Country music is a uniquely American art form, so it might seem a bit peculiar that one of country's biggest stars was born in New Zealand and reared in Australia. His musical education started early.

"My dad gave me a ukulele when I was four," Urban told Smith.

"A ukulele?" Smith asked.

"Yeah, well, just 'cause it was the right size, you know?" Urban said. "And he said I could strum it in time with the radio."

He graduated to a bigger instrument, and bigger dreams. He became a country star in Australia, making his solo debut there in 1991, but never took his sights off Music City, USA.

"I always wanted to come to Nashville since I was very young," Urban said. "My dad's record collection, well, really my mom and dad's collection was all country records. I saw 'recorded in Nashville, Tenn.,' written on the back of all of them, and so this is where you go to make records. I think I was 7 when I told my dad I would move there."

"Really?" Smith asked. "So the lifelong dream, kind of American dream."

"Yeah, it really is," Urban said. "I mean, it's the classic American dream story really, in that regard."

Keith Urban's American dream was elusive at first. He formed a band in Nashville - The Ranch - and began the kind of hard-living, dues-paying initiation that is the stuff of so many country songs, playing to tiny crowds in tiny clubs in and around Nashville's Music Row.

Outside one of those clubs in Nashville, Urban reminisced about his start there.

"Bring back memories?" Smith asked.

"Yeah, that little van being out here and unloading our equipment into the place," Urban said.

"You unloaded it yourself, I'd imagine," Smith said.

"Oh yeah," Urban said. "We just didn't have anybody else to do it."

Urban played for record execs at one little club hoping lightning would strike.

"We played five nights a week down in Florida, and then we'd drive up here on, like, a Monday, and then put on a show Monday afternoon for the record company people," Urban said.

"Praying that someone would pick you up?" Smith asked.

"Praying that someone would, like, save us from the abyss of nothingness," Urban said. "Invariably, nothing would happen.
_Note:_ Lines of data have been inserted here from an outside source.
lemma card_mult_half_less_sum:
  fixes x :: "'a \<Rightarrow> real"
  assumes "finite I" "2 \<le> card I" and pair: "\<And>i j. i \<in> I \<Longrightarrow> j \<in> I \<Longrightarrow> i \<noteq> j \<Longrightarrow> b < x i + x j"
  shows "real (card I) * b / 2 < sum x I"
proof -
  have "I \<noteq> {}" using assms(2) by auto
  then obtain i0 where i0: "i0 \<in> I" and least: "\<And>j. j \<in> I \<Longrightarrow> x i0 \<le> x j"
    using arg_min_if_finite[OF \<open>finite I\<close>, of x] by (metis not_le order.strict_implies_order)
  define m where "m = real (card I) - 1"
  have m: "real (card (I - {i0})) = m" "1 \<le> m"
    using assms(1,2) i0 unfolding m_def by auto
  have split: "sum x I = x i0 + sum x (I - {i0})"
    using assms(1) i0 by (simp add: sum.remove)
  show ?thesis
  proof (cases "x i0 \<le> b / 2")
    case True
    have "b - x i0 < x j" if "j \<in> I - {i0}" for j
      using pair[OF i0, of j] that by auto
    moreover have "I - {i0} \<noteq> {}" using m by (cases "I - {i0} = {}") auto
    ultimately have "(\<Sum>j\<in>I - {i0}. b - x i0) < sum x (I - {i0})"
      using assms(1) by (intro sum_strict_mono) auto
    then have "m * (b - x i0) < sum x (I - {i0})" using m by simp
    moreover have "(m - 1) * (b / 2 - x i0) \<ge> 0" using True m by simp
    ultimately show ?thesis using split unfolding m_def by (simp add: algebra_simps)
  next
    case False
    have "(\<Sum>j\<in>I - {i0}. x i0) \<le> sum x (I - {i0})"
      using least by (intro sum_mono) auto
    then have "m * x i0 \<le> sum x (I - {i0})" using m by simp
    moreover have "(m + 1) * (b / 2) < (m + 1) * x i0" using False m by simp
    ultimately show ?thesis using split unfolding m_def by (simp add: algebra_simps)
  qed
qed

lemma bin_packing_exists:
  assumes "finite S"
  shows "\<exists>PP. bin_packing b w S PP \<and> card PP \<le> card S
              \<and> (card PP \<le> 1 \<or> real (card PP) * b / 2 < sum w S)"
proof -
  have singletons: "bin_packing b w S ((\<lambda>i. {i}) ` S)"
    unfolding bin_packing_def using partition_on_singletons by auto
  obtain PP where packing: "bin_packing b w S PP"
    and least: "\<And>PP'. bin_packing b w S PP' \<Longrightarrow> card PP \<le> card PP'"
    using ex_has_least_nat[of "bin_packing b w S", OF singletons, of card] by blast
  have part: "partition_on S PP" and fits: "\<forall>P\<in>PP. card P = 1 \<or> sum w P \<le> b"
    using packing unfolding bin_packing_def by auto
  have "finite PP" using finite_elements[OF assms part] .
  have blocks_finite: "\<And>P. P \<in> PP \<Longrightarrow> finite P"
    using part assms by (metis partition_onD1 Union_upper finite_subset)
  have "card PP \<le> card ((\<lambda>i. {i}) ` S)" by (rule least[OF singletons])
  then have "card PP \<le> card S" using card_image_le[OF assms] by (metis order_trans)
  moreover have "real (card PP) * b / 2 < sum w S" if "\<not> card PP \<le> 1"
  proof -
    have "b < sum w P + sum w Q" if "P \<in> PP" "Q \<in> PP" "P \<noteq> Q" for P Q
    proof (rule ccontr)
      have "disjnt P Q" using part that by (auto simp: partition_on_def pairwise_def)
      then have "sum w (P \<union> Q) = sum w P + sum w Q"
        using blocks_finite that by (simp add: disjnt_def sum.union_disjoint)
      moreover assume "\<not> b < sum w P + sum w Q"
      ultimately have "bin_packing b w S (insert (P \<union> Q) (PP - {P, Q}))"
        using partition_on_merge(1)[OF part \<open>finite PP\<close> that] fits by (auto simp: bin_packing_def)
      with least partition_on_merge(2)[OF part \<open>finite PP\<close> that] show False by fastforce
    qed
    then have "real (card PP) * b / 2 < (\<Sum>P\<in>PP. sum w P)"
      using \<open>finite PP\<close> \<open>\<not> card PP \<le> 1\<close> by (intro card_mult_half_less_sum) auto
    also have "\<dots> = sum w S"
      using sum.Union_disjoint[of PP w] part blocks_finite
      by (auto simp: partition_on_def pairwise_def disjnt_def)
    finally show ?thesis .
  qed
  ultimately show ?thesis using packing by blast
qed

section \<open>Subadditivity of submodular objectives\<close>

lemma valid_instanceD:
  assumes "valid_instance A f c"
  shows "finite A" and "S \<subseteq> A \<Longrightarrow> 0 \<le> f S" and "S \<subseteq> T \<Longrightarrow> T \<subseteq> A \<Longrightarrow> f S \<le> f T"
    and "i \<in> A \<Longrightarrow> 0 \<le> c i"
  using assms unfolding valid_instance_def by auto

lemma submodular_onD:
  "submodular_on A f \<Longrightarrow> S \<subseteq> S' \<Longrightarrow> S' \<subseteq> A \<Longrightarrow> i \<in> S \<Longrightarrow> marg f S' i \<le> marg f S i"
  unfolding submodular_on_def by blast

definition disjoint_subadditive_on :: "'a set \<Rightarrow> ('a set \<Rightarrow> real) \<Rightarrow> bool" where
  "disjoint_subadditive_on A g \<longleftrightarrow>
     (\<forall>PP. finite PP \<longrightarrow> PP \<noteq> {} \<longrightarrow> disjoint PP \<longrightarrow> \<Union>PP \<subseteq> A \<longrightarrow> g (\<Union>PP) \<le> (\<Sum>P\<in>PP. g P))"

lemma disjoint_subadditive_onD:
  "disjoint_subadditive_on A g \<Longrightarrow> finite PP \<Longrightarrow> PP \<noteq> {} \<Longrightarrow> disjoint PP \<Longrightarrow> \<Union>PP \<subseteq> A
    \<Longrightarrow> g (\<Union>PP) \<le> (\<Sum>P\<in>PP. g P)"
  unfolding disjoint_subadditive_on_def by blast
"I was absolutely sure I was in the right place, and I couldn't understand why it wasn't working," Urban said. "It was very frustrating."

Eventually, the frustration led to dependence on alcohol and cocaine.

"You struggled then with addiction in the late '90s," Smith said. "How bad did that get?"

"It was difficult," Urban said. "I mean, it was a difficult time for me in Nashville. You know, there's only sort of so much constant rejection that I can take until I didn't know what else to do. It was an escape mechanism that sort of got out of hand, unfortunately."

By 1999, after a stint in rehab, he was ready to set out on his own.

In the years that followed, Urban put out a series of well-received solo albums and toured relentlessly, dazzling crowds in city after city.

In 2005, he was the Country Music Awards' Entertainer of the Year, but he made even more headlines when he started dating a girl from back home.

He married Nicole Kidman the following year, and all seemed right with the world until his sobriety again became an issue. Four months into his marriage, Keith Urban was back in rehab.

"In 2006, you married Nicole, wonderful time in your life, things are going great, and then you hit a bump in the road," Smith said.

"Yeah, yeah," Urban said.

"What happened?" Smith asked.

"It was just time for me to address some issues that'd been, obviously, getting out of hand in my life," Urban said. "I'm grateful that I was in a time in my life to be in such a incredibly loving, supportive environment. And to see my wife sort of just come through like that for me was unbelievable."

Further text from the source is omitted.